The chapter contains a section on social engineering which is a topic that is best treated in the discussion of Utopianism in Chapter 9.
The chapter also contains a preliminary exposition and some criticism of essentialism (pathological obsession with terms), which it may be recalled was the topic that triggered the shelving of The Poverty of Historicism and the writing of The Open Society and its Enemies.
"I use the name methodological essentialism to characterize the view, held by Plato and many of his followers, that it is the task of pure knowledge or ‘science’ to discover and to describe the true nature of things, i.e. their hidden reality or essence. It was Plato’s peculiar belief that the essence of sensible things can be found in other and more real things—in their primogenitors or Forms. Many of the later methodological essentialists, for instance Aristotle, did not altogether follow him in this; but they all agreed with him in determining the task of pure knowledge as the discovery of the hidden nature or Form or essence of things. All these methodological essentialists also agreed with Plato in holding that these essences may be discovered and discerned with the help of intellectual intuition."

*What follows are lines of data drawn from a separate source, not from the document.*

lemma function_algebra_CB: "function_algebra (CB :: ('a::topological_space \<Rightarrow> complex) set)"
  unfolding function_algebra_def
proof (intro conjI ballI allI)
  show "(\<lambda>x. c) \<in> (CB :: ('a \<Rightarrow> complex) set)" for c
    unfolding CB_iff by auto
next
  fix f g :: "'a \<Rightarrow> complex" assume "f \<in> CB" "g \<in> CB"
  then obtain B C where B: "\<And>x. cmod (f x) \<le> B" and C: "\<And>x. cmod (g x) \<le> C"
    and cont: "continuous_on UNIV f" "continuous_on UNIV g"
    unfolding CB_iff by blast
  have "cmod (f x + g x) \<le> B + C" for x
    using norm_triangle_le[OF add_mono[OF B C]] .
  moreover have "continuous_on UNIV (\<lambda>x. f x + g x)"
    using cont by (intro continuous_intros)
  ultimately show "(\<lambda>x. f x + g x) \<in> CB"
    unfolding CB_iff by blast
  have "cmod (f x * g x) \<le> B * C" for x
    unfolding norm_mult using B C by (intro mult_mono) (auto intro: order_trans[OF norm_ge_zero])
  moreover have "continuous_on UNIV (\<lambda>x. f x * g x)"
    using cont by (intro continuous_intros)
  ultimately show "(\<lambda>x. f x * g x) \<in> CB"
    unfolding CB_iff by blast
qed

lemma CB_const: "(\<lambda>x. c) \<in> CB"
  and CB_add: "f \<in> CB \<Longrightarrow> g \<in> CB \<Longrightarrow> (\<lambda>x. f x + g x) \<in> CB"
  and CB_mult: "f \<in> CB \<Longrightarrow> g \<in> CB \<Longrightarrow> (\<lambda>x. f x * g x) \<in> CB"
  by (fact function_algebra_const[OF function_algebra_CB]
      function_algebra_add[OF function_algebra_CB] function_algebra_mult[OF function_algebra_CB])+

lemma Ltrans_CB:
  assumes "semitopological TYPE('a::{topological_space, semigroup_mult})" and "f \<in> CB"
  shows "Ltrans (s::'a) f \<in> CB"
proof -
  have "continuous_on UNIV (\<lambda>x::'a. s * x)"
    using assms(1) by (simp add: semitopological_def)
  with assms(2) show ?thesis
    unfolding CB_iff Ltrans_def by (auto intro: continuous_on_compose2)
qed

lemma Top_Ltrans: "Top \<mu> (Ltrans s f) = Ltrans s (Top \<mu> f)"
  by (simp add: Top_def Ltrans_def mult.assoc)

lemma Lmc_iff: "f \<in> Lmc \<longleftrightarrow> f \<in> CB \<and> (\<forall>\<mu>\<in>characters CB. Top \<mu> f \<in> CB)"
  unfolding Lmc_def betaS_def spectrum_of_eq_characters[OF function_algebra_CB] by simp

lemma Lmc_subset_CB: "Lmc \<subseteq> CB"
  by (auto simp: Lmc_iff)

lemma Ltrans_Lmc:
  "semitopological TYPE('a::{topological_space, semigroup_mult}) \<Longrightarrow>
    f \<in> Lmc \<Longrightarrow> Ltrans (s::'a) f \<in> Lmc"
  by (auto simp: Lmc_iff Top_Ltrans intro: Ltrans_CB)

lemma Top_const: "\<mu> \<in> characters A \<Longrightarrow> Top \<mu> (\<lambda>x. c) = (\<lambda>s. c)"
  by (simp add: Top_def Ltrans_def character_const)

lemma Top_add:
  assumes "\<mu> \<in> characters A" and "\<And>s. Ltrans s f \<in> A" and "\<And>s. Ltrans s g \<in> A"
  shows "Top \<mu> (\<lambda>x. f x + g x) = (\<lambda>s. Top \<mu> f s + Top \<mu> g s)"
  using character_add[OF assms] by (simp add: Top_def Ltrans_def)

lemma Top_mult:
  assumes "\<mu> \<in> characters A" and "\<And>s. Ltrans s f \<in> A" and "\<And>s. Ltrans s g \<in> A"
  shows "Top \<mu> (\<lambda>x. f x * g x) = (\<lambda>s. Top \<mu> f s * Top \<mu> g s)"
  using character_mult[OF assms] by (simp add: Top_def Ltrans_def)

lemma function_algebra_Lmc:
  assumes "semitopological TYPE('a::{topological_space, semigroup_mult})"
  shows "function_algebra (Lmc :: ('a \<Rightarrow> complex) set)"
  unfolding function_algebra_def
proof (intro conjI ballI allI)
  show "(\<lambda>x. c) \<in> (Lmc :: ('a \<Rightarrow> complex) set)" for c
    by (simp add: Lmc_iff CB_const Top_const)
next
  fix f g :: "'a \<Rightarrow> complex" assume "f \<in> Lmc" "g \<in> Lmc"
  then have "f \<in> CB" "g \<in> CB" "\<And>s. Ltrans s f \<in> CB" "\<And>s. Ltrans s g \<in> CB"
    and "\<And>\<mu>. \<mu> \<in> characters CB \<Longrightarrow> Top \<mu> f \<in> CB \<and> Top \<mu> g \<in> CB"
    using Ltrans_CB[OF assms] by (auto simp: Lmc_iff)
  then show "(\<lambda>x. f x + g x) \<in> Lmc" and "(\<lambda>x. f x * g x) \<in> Lmc"
    by (auto simp: Lmc_iff Top_add Top_mult intro: CB_add CB_mult)
qed

lemma SLmc_eq_characters:
  "semitopological TYPE('a::{topological_space, semigroup_mult}) \<Longrightarrow>
    (SLmc :: (('a \<Rightarrow> complex) \<Rightarrow> complex) set) = characters Lmc"
  unfolding SLmc_def by (rule spectrum_of_eq_characters[OF function_algebra_Lmc])


section \<open>Characters of CB\<close>

definition evalCB :: "'a::topological_space \<Rightarrow> ('a \<Rightarrow> complex) \<Rightarrow> complex" where
  "evalCB s = (\<lambda>f. if f \<in> CB then f s else 0)"

lemma closure_evalCB_subset_characters: "closure (evalCB ` T) \<subseteq> characters CB"
  unfolding evalCB_def[abs_def] by (rule closure_evaluations_subset_characters[OF function_algebra_CB])

lemma compact_closure_evalCB: "compact (closure (evalCB ` T))"
proof -
  define K where "K f = closure (range (\<lambda>s. evalCB s f))" for f :: "'a \<Rightarrow> complex"
  have "compact (K f)" for f
    by (cases "f \<in> CB") (auto simp: K_def evalCB_def CB_def)
  then have "compact (Pi\<^sub>E UNIV K)"
    using compactin_PiE[of "\<lambda>_. euclidean" UNIV K] by (simp add: euclidean_product_topology)
  moreover have "evalCB s f \<in> K f" for s f
    unfolding K_def by (rule closure_subset[THEN subsetD]) (rule rangeI)
  then have "evalCB ` T \<subseteq> Pi\<^sub>E UNIV K"
    by (auto simp: PiE_iff)
  ultimately have "closure (evalCB ` T) \<subseteq> Pi\<^sub>E UNIV K"
    by (intro closure_minimal compact_imp_closed_fun)
  with \<open>compact (Pi\<^sub>E UNIV K)\<close> show ?thesis
    using compact_Int_closed[of "Pi\<^sub>E UNIV K" "closure (evalCB ` T)"] by (simp add: Int_absorb1)
qed

lemma character_CB_nonzero:
  assumes \<psi>: "\<psi> \<in> characters CB" and h: "h \<in> CB"
    and "c > 0" and bounded_below: "\<And>x. c \<le> cmod (h x)"
  shows "\<psi> h \<noteq> 0"
proof
  assume "\<psi> h = 0"
  have nonzero: "h x \<noteq> 0" for x
    using bounded_below[of x] \<open>c > 0\<close> by auto
  have "continuous_on UNIV (\<lambda>x. inverse (h x))"
    using h nonzero unfolding CB_iff by (auto intro: continuous_on_inverse)
  moreover have "cmod (inverse (h x)) \<le> inverse c" for x
    using bounded_below[of x] \<open>c > 0\<close> by (simp add: norm_inverse le_imp_inverse_le)
  ultimately have "(\<lambda>x. inverse (h x)) \<in> CB"
    unfolding CB_iff by blast
  then have "\<psi> (\<lambda>x. h x * inverse (h x)) = 0"
    using character_mult[OF \<psi> h] \<open>\<psi> h = 0\<close> by simp
  moreover have "\<psi> (\<lambda>x. h x * inverse (h x)) = 1"
    using nonzero character_const[OF \<psi>, of 1] by simp
  ultimately show False
    by simp
qed

lemma character_CB_dist_square:
  assumes \<psi>: "\<psi> \<in> characters CB" and f: "f \<in> CB"
  shows "(\<lambda>x. complex_of_real (cmod (f x - \<psi> f)) ^ 2) \<in> CB"
    and "\<psi> (\<lambda>x. complex_of_real (cmod (f x - \<psi> f)) ^ 2) = 0"
proof -
  define g where "g x = f x - \<psi> f" for x
  have "(\<lambda>x. f x + - \<psi> f) \<in> CB"
    by (rule CB_add[OF f CB_const])
  then have g: "g \<in> CB"
    by (simp add: g_def[abs_def])
  have "\<psi> (\<lambda>x. f x + - \<psi> f) = \<psi> f + \<psi> (\<lambda>x. - \<psi> f)"
    by (rule character_add[OF \<psi> f CB_const])
  then have "\<psi> g = 0"
    by (simp add: g_def[abs_def] character_const[OF \<psi>])
  have "(\<lambda>x. cnj (g x)) \<in> CB"
    using g unfolding CB_iff by (auto intro: continuous_on_cnj)
  moreover have square: "(\<lambda>x. complex_of_real (cmod (f x - \<psi> f)) ^ 2) = (\<lambda>x. g x * cnj (g x))"
    by (simp only: g_def of_real_power[symmetric] complex_norm_square)
  ultimately show "(\<lambda>x. complex_of_real (cmod (f x - \<psi> f)) ^ 2) \<in> CB"
    and "\<psi> (\<lambda>x. complex_of_real (cmod (f x - \<psi> f)) ^ 2) = 0"
    using g CB_mult character_mult[OF \<psi>] \<open>\<psi> g = 0\<close> by simp_all
qed

lemma characters_CB_subset_closure_evalCB:
  "characters (CB :: ('a::topological_space \<Rightarrow> complex) set) \<subseteq> closure (range evalCB)"
proof
  fix \<psi> :: "('a \<Rightarrow> complex) \<Rightarrow> complex" assume \<psi>: "\<psi> \<in> characters CB"
  show "\<psi> \<in> closure (range evalCB)"
  proof (rule in_closure_funI, rule ccontr)
    fix F and e :: real
    assume "finite F" "e > 0" and far: "\<not> (\<exists>s\<in>range evalCB. \<forall>f\<in>F. dist (s f) (\<psi> f) < e)"
    define G where "G = F \<inter> CB"
    define h where "h x = (\<Sum>f\<in>G. complex_of_real (cmod (f x - \<psi> f)) ^ 2)" for x
    have "h \<in> CB \<and> \<psi> h = (\<Sum>f\<in>G. \<psi> (\<lambda>x. complex_of_real (cmod (f x - \<psi> f)) ^ 2))"
      unfolding h_def[abs_def] using \<open>finite F\<close>
      by (intro character_sum[OF \<psi> function_algebra_CB]) (auto simp: G_def character_CB_dist_square[OF \<psi>])
    then have "h \<in> CB" and "\<psi> h = 0"
      by (simp_all add: G_def character_CB_dist_square[OF \<psi>])
    moreover have "e\<^sup>2 \<le> cmod (h x)" for x
    proof -
      obtain f where "f \<in> F" and f_far: "e \<le> dist (evalCB x f) (\<psi> f)"
        using far by (auto simp: not_less)
      moreover have "f \<in> CB"
      proof (rule ccontr)
        assume "f \<notin> CB"
        then have "dist (evalCB x f) (\<psi> f) = 0"
          by (simp add: evalCB_def character_outside[OF \<psi>])
        with f_far \<open>e > 0\<close> show False
          by simp
      qed
      ultimately have "f \<in> G" and "e \<le> cmod (f x - \<psi> f)"
        by (simp_all add: G_def evalCB_def dist_norm)
      then have "e\<^sup>2 \<le> (cmod (f x - \<psi> f))\<^sup>2"
        using \<open>e > 0\<close> by (intro power_mono) auto
      also have "\<dots> \<le> (\<Sum>g\<in>G. (cmod (g x - \<psi> g))\<^sup>2)"
        using \<open>f \<in> G\<close> \<open>finite F\<close> by (intro member_le_sum) (auto simp: G_def)
      also have "\<dots> = cmod (h x)"
        by (simp add: h_def sum_nonneg flip: of_real_sum of_real_power)
      finally show ?thesis .
    qed
    then show False
      using character_CB_nonzero[OF \<psi> \<open>h \<in> CB\<close>, of "e\<^sup>2"] \<open>\<psi> h = 0\<close> \<open>e > 0\<close> by simp
  qed
qed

So every essence has a name and a definition. For the essentialist there are three ways of knowing something: (1) to know or recognise the essence, (2) to know the definition and (3) to know the name.
There is a more detailed account of the Aristotelian method of definition by essences in Chapter 11 and in this essay on Essentialism and the Organic State. The point of Popper’s criticism is that obsession with terms and definitions is one of the most persistent and debilitating errors of method across large tracts of the humanities and social sciences
"Methodological essentialism, i.e. the theory that it is the aim of science to reveal essences and to describe them by means of definitions, can be better understood when contrasted with its opposite, methodological nominalism. Instead of aiming at finding out what a thing really is, and at defining its true nature, methodological nominalism aims at describing how a thing behaves in various circumstances, and especially, whether there are any regularities in its behaviour. In other words, methodological nominalism sees the aim of science in the description of the things and events of our experience, and in an ‘explanation’ of these events, i.e. their description with the help of universal laws. And it sees in our language, and especially in those of its rules which distinguish properly constructed sentences and inferences from a mere heap of words, the great instrument of scientific description; words it considers rather as subsidiary tools for this task, and not as names of essences. The methodological nominalist will never think that a question like ‘What is energy?’ or ‘What is movement?’ or ‘What is an atom?’ is an important question for physics; but he will attach importance to a question like: ‘How can the energy of the sun be made useful?’ or ‘How does a planet move?’ or ‘Under what condition does an atom radiate light?’ And to those philosophers who tell him that before having answered the ‘what is’ question he cannot hope to give exact answers to any of the ‘how’ questions, he will reply, if at all, by pointing out that he much prefers that modest degree of exactness which he can achieve by his methods to the pretentious muddle which they have achieved by theirs."
A Note on the Notes
Popper included a lot of scholarly detail in notes, some of which were full-sized essays, in small print at the back of the book. Below is a sample note from this chapter, following a para in the text where Popper wrote about the place where Plato located his ideal forms. First the text, then the note. It is interesting to note the image of the "trilolgy" of mother, father and offspring that he employs!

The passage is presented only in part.